Daily Rehearsal: New York cast of 'Chinglish' has one surprise

September 1, 2011

1. For a deeper look into the Fringe festival than what we've given you so far, go to the Reader, which highlights some of our picks, as well as some new options, like Rie Shontel's Mama Juggs and MelnColly Theatre Company's Nearly Naked. Am I sensing a theme here? 

2. The New York cast of Chinglish will look basically the same as what you saw here in Chicago, sans one of the lead characters Daniel, who was played by James Waterston, but will now be taken over by Gary Wilmes. Chris Jones writes, "The replacement of Waterson (sic) was expected. More surprising is the decision to go with a well-respected actor (who appeared in the Elevator Repair Service production of Gatz and has several Chicago credits) rather than a ticket-selling star." I get the last part, but I totally missed the memo on Waterson being dropped as "expected." Anyone out there in the know want to fill me in? Wilmes has also been seen in the tour August: Osage County made of Austraila.

3. Profiles Theatre is pushing back A Behanding in Spokane again, due to Darrell W. Cox's emergency surgery for a detached retina. The play will now run from October 16 to December 4. Because this interferes with Assisted Living by Deirdre O'Connor, they'll be moving to the Second Stage. Best of luck Darrell. 

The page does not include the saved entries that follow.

(* Let $k_2,h,\alpha,l,L,k>0$ with $L>l$. Then the equation $$-\frac{k_2}{h}\,x=\frac{\tan(\alpha l x)+k\alpha\tan((L-l)x)}{k\alpha-\tan(\alpha l x)\tan((L-l)x)},\qquad x>0,$$ has infinitely many positive solutions $0<x_1<x_2<\cdots<x_n<\cdots$.
   Context: This is the eigenvalue equation arising from separation of variables for heat conduction in a two-material bar $[0,L]$ with interface at $x=l$, Dirichlet condition at $x=0$ and convective (Robin) condition with coefficient $h$ at $x=L$; here $k=k_1/k_2$ is the ratio of the thermal conductivities and $\alpha=\alpha_2/\alpha_1$ the ratio of the square roots of the thermal diffusivities of the two materials. Solutions are understood as points $x>0$ where the right-hand side is defined and equals the left-hand side. *)

theory Defs
  imports "HOL-Analysis.Analysis"
begin

definition eig_rhs :: "real \<Rightarrow> real \<Rightarrow> real \<Rightarrow> real \<Rightarrow> real \<Rightarrow> real" where
  "eig_rhs \<alpha> l L k x =
     (tan (\<alpha> * l * x) + k * \<alpha> * tan ((L - l) * x)) /
     (k * \<alpha> - tan (\<alpha> * l * x) * tan ((L - l) * x))"

definition is_eig_solution :: "real \<Rightarrow> real \<Rightarrow> real \<Rightarrow> real \<Rightarrow> real \<Rightarrow> real \<Rightarrow> real \<Rightarrow> bool" where
  "is_eig_solution k2 h \<alpha> l L k x \<longleftrightarrow>
     x > 0 \<and> cos (\<alpha> * l * x) \<noteq> 0 \<and> cos ((L - l) * x) \<noteq> 0 \<and>
     k * \<alpha> - tan (\<alpha> * l * x) * tan ((L - l) * x) \<noteq> 0 \<and>
     - (k2 / h) * x = eig_rhs \<alpha> l L k x"

end

theory Submission
  imports Defs
begin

4. Opening tonight in previews is a play about yuppies who are worried about kids and having them and life changes. Yup, it's The Kid Thing by the Chicago Dramatists. This set of yuppies has a bit of a twist; they're two lesbian couples at a dinner party. 

5. Hershey Felder (yes, real name) is coming to Chicago again with Maestro: The Art of Leonard Bernstein, his first-person account of Leonard Bernstein's life, complete with music.  Director Joel Zwick takes it on at the Royal George. The show begins previews November 1 and plays through December. When it played in Los Angeles, Variety said, "Deftly and amusingly, Felder explores the roots of Bernstein's themes in the great composers of the past, as well as the Jewish folk tunes, which forged a bond between a willful son and stubborn Old World father."